Кембриджская школа. Теория и практика интеллектуальной истории - стр. 104
Настоящее практической необходимости, где существовали акторы прошлого, недоступно нам непосредственно, так как оно приходит к нам через посредничество языка, который они использовали; но это не означает, что оно вообще недостижимо. Исходя из текстов, которые они писали, из наших знаний о языке, который они использовали, о полемических сообществах, к которым они принадлежали, о реализуемых ими программах действий, об истории периода в целом, часто бывает можно выдвинуть гипотезы о том, какие потребности они испытывали и какие стратегии стремились провести в жизнь, и испытать их на практике, используя их для интерпретации самих этих текстов с точки зрения намерений и действий. Однако нас интересует не столько «практическое», сколько дискурсивное поведение текста. Никто никогда не пытается выяснить, что же за тысячу джентльменов Томас Гоббс, по его утверждению[177], научил сознательному послушанию правительству Английской республики, и мы не многое поймем о «Левиафане», если выясним, действительно ли они существовали. Не стремимся мы узнать и то, принимали ли или отрицали законность правления вернувшихся к власти Медичи первые читатели «Il Principe» (кем бы они ни были), прежде всего потому, что трактат, по-видимому, может работать в обе стороны; нам важно исследовать, как менялись основания политического дискурса под влиянием «Государя» и «Левиафана». Все это, разумеется, означает, что мы историки дискурса, а не поведения, но мы читаем Никколо Макиавелли и Гоббса так же, как все те, чьи отклики на их сочинения дошли до нас в письменной форме. Все эти отклики без исключения посвящены не практическим политическим выводам, какие можно из них сделать, а тем вызовам для обычных структур дискурса, которые они собой представляют. История дискурса – не наш произвольный выбор, она сама заявила о себе в литературе.

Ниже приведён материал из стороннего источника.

lemma three_pow2_plus_1_mem_F_set:
  assumes "1 \<le> c" and "(k - 2 * 2 ^ c) * (3 * 2 ^ c + 1) \<le> 2 * 2 ^ c * (2 * 2 ^ c - 1)"
  shows "3 * 2 ^ c + 1 \<in> F_set k"
proof -
  define P :: nat where "P = 2 ^ (c + 1)"
  define m :: nat where "m = 3 * 2 ^ c + 1"
  have "P < m"
    by (simp add: P_def m_def)
  have k: "(k - P) * m \<le> P * (P - 1)"
    using assms(2) by (simp add: P_def m_def)
  have "P * (P - 1) < P * m"
    using \<open>P < m\<close> by (simp add: P_def)
  with k have "k - P < P"
    by (metis mult.commute mult_less_cancel1 order.strict_trans1)
  then have "k \<le> 2 * P"
    by linarith
  moreover have "\<exists>s. s * P < m \<and> thue_morse (i * m div P + s) \<noteq> thue_morse (i * m div P + s + m)"
    if "i + P < k" for i
  proof -
    from that have "i + 1 \<le> k - P"
      by linarith
    then have "(i + 1) * m \<le> P * (P - 1)"
      using k by (meson mult_le_mono1 order.trans)
    then have "i * m < P * (P - 1)"
      using \<open>P < m\<close> by simp
    then have "i * m div P < P - 1"
      by (simp add: P_def div_less_iff_less_mult mult.commute)
    then have "i * m div P + 1 < 2 * 2 ^ c"
      by (simp add: P_def)
    then obtain s where "s \<in> {0, 1}" and "thue_morse (i * m div P + s) \<noteq> thue_morse (i * m div P + s + m)"
      using thue_morse_shift_three_pow2_plus_1[of "i * m div P" c, folded m_def] by blast
    moreover have "s * P < m"
      using \<open>s \<in> {0, 1}\<close> \<open>P < m\<close> by auto
    ultimately show ?thesis
      by blast
  qed
  moreover have "odd m"
    using assms(1) by (simp add: m_def)
  ultimately show ?thesis
    unfolding m_def P_def by (intro mem_F_set_if_shifted_letters_differ[of _ c]) simp_all
qed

Создание, исполнение текста есть его действие как parole в контексте langue. Оно может быть просто продолжением тех действующих конвенций, из которых состоит язык; оно может указывать нам на то, что язык продолжал использоваться в мире, который меняется сам и начал менять язык; но оно может и действовать в языке, который является его средой, и воздействовать на него, привнося новшества, вызывающие серьезные и не очень, более или менее радикальные изменения в его употреблении или в языке второго порядка, описывающем его. (Здесь для простоты автор условно считает, что все тексты написаны только на одном из доступных языков дискурса, а не состоят из нескольких.) Следовательно, историку нужно средство понимания того, как речевой акт совершается в языковом контексте, в частности как он воздействует на этот контекст и обновляет его.